Epidemiology & Risk Factors

  • Prior abdominal surgery (especially midline laparotomy incisions).
  • Surgical site infection (SSI) is the single strongest modifiable risk factor.
  • Patient factors: Obesity, DM2, advanced age, smoking, malnutrition (hypoalbuminemia), and corticosteroid use (impaired wound healing).
  • Increased intra-abdominal pressure: Chronic cough (COPD), chronic constipation, ascites, or pregnancy.
  • Surgical factors: Emergency surgery, poor suture technique, or tension on the fascial closure.

Clinical Features

  • History: Pt reports a painless or aching bulge at or near a prior surgical scar. Bulge typically enlarges with coughing, standing, or Valsalva maneuvers and decompresses/flattens when supine.
  • Physical Exam: Palpable fascial defect along the surgical scar.
  • Reducibility:
    • Reducible: Contents easily pushed back into the peritoneal cavity.
    • Incarcerated: Hernia contents are trapped; painful, firm, and non-reducible mass.
    • Strangulated: Compromised blood supply.

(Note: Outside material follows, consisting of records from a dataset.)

lemma CSS_Xop_eq:
  assumes "\<psi> \<in> CSS n C1 C2" and "u \<in> C2"
  shows "Xop u \<psi> = \<psi>"
proof -
  have "(\<lambda>i. False) \<in> dual_code n C1"
    by (simp add: dual_code_def bvec_def bdot_def)
  moreover have "Zop n (\<lambda>i. False) \<psi> = \<psi>"
    by (simp add: Zop_def bdot_def)
  ultimately show ?thesis
    using assms by (force simp: CSS_def)
qed

lemma HN_phase_exponent_cong:
  assumes "linear_code n C1" and "linear_code n C2" and "C2 \<subseteq> C1" and "N > 0"
    and "b \<in> HN n N C1 C2" and "x0 \<in> C1" and "u \<in> C2"
  shows "int N dvd phase_exponent n b (badd x0 u) - phase_exponent n b x0"
proof -
  let ?\<psi> = "coset_state C2 x0"
  have "?\<psi> \<in> CSS n C1 C2"
    using coset_state_mem_CSS assms(1-3,6) .
  then have "Uop n N b ?\<psi> \<in> CSS n C1 C2"
    using \<open>b \<in> HN n N C1 C2\<close> by (auto simp: HN_def)
  then have "Uop n N b ?\<psi> (badd x0 u) = Uop n N b ?\<psi> x0"
    using CSS_Xop_eq[OF _ \<open>u \<in> C2\<close>] by (metis Xop_def)
  moreover have "badd (badd x0 u) x0 = u" "badd x0 x0 = (\<lambda>i. False)"
    by (auto simp: badd_def)
  then have "?\<psi> (badd x0 u) = 1" "?\<psi> x0 = 1"
    using \<open>u \<in> C2\<close> assms(2) by (simp_all add: coset_state_def linear_code_def)
  ultimately have "omega N powi phase_exponent n b (badd x0 u) = omega N powi phase_exponent n b x0"
    by (simp add: Uop_apply)
  then show ?thesis
    using omega_powi_eq_iff[OF \<open>N > 0\<close>] by blast
qed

Characterized by severe pain, fever, tachycardia, overlying skin erythema/warmth, and signs of SBO (nausea, vomiting, obstipation).

Diagnosis

  • Initial Test: Physical examination with pt in both supine and standing positions during a Valsalva maneuver (highly sensitive for most palpable defects).
  • Confirmatory/Best Imaging: CT abdomen/pelvis with contrast.
    • Used to confirm diagnosis when PE is equivocal (e.g., in obese pts).
    • Identifies occult incarceration, measures defect size, and assists in pre-op planning.
  • Alternative Imaging: Abdominal US can be used in pregnant pts or children to avoid radiation.

Differential Diagnostics

  • Diastasis Recti: Differentiated by a widening of the linea alba without a true fascial defect or risk of strangulation; occurs mainly when rising from supine.
  • Abdominal Wall Hematoma/Seroma: Typically occurs in the immediate post-op period; exquisitely tender (hematoma), fluctuant (seroma), with no fascial defect on imaging.
  • Surgical Site Infection / Abscess: Differentiated by localized erythema, warmth, purulent drainage, and fever; lacks a reducible mass.

Management

  1. Strangulated or Acute Incarcerated Hernia with SBO:
    • First-line: Emergency surgical exploration (laparoscopy or laparotomy).
    • Steps: Reduce hernia contents, assess bowel viability, resect necrotic bowel, and repair the fascial defect. Avoid synthetic mesh in contaminated fields (high risk of mesh infection).
  2. Symptomatic but Reducible Hernia:
    • First-line: Elective surgical repair.
    • Technique: Mesh repair (open or laparoscopic) is preferred over primary suture repair for defects >2 cm due to significantly lower recurrence rates.
  3. Asymptomatic or Mildly Symptomatic Hernia:
    • First-line: Watchful waiting may be considered in asymptomatic pts with high-risk surgical comorbidities. Provide counseling on signs of incarceration/strangulation.

Complications

  • Small bowel obstruction (SBO) secondary to herniated bowel loops.
  • Incarceration and Strangulation leading to bowel necrosis, perforation, and peritonitis/sepsis.
  • Hernia recurrence (most common long-term complication; up to 10-20% even with mesh repair).
  • Enterocutaneous fistula (occurs if mesh erodes into underlying bowel loops).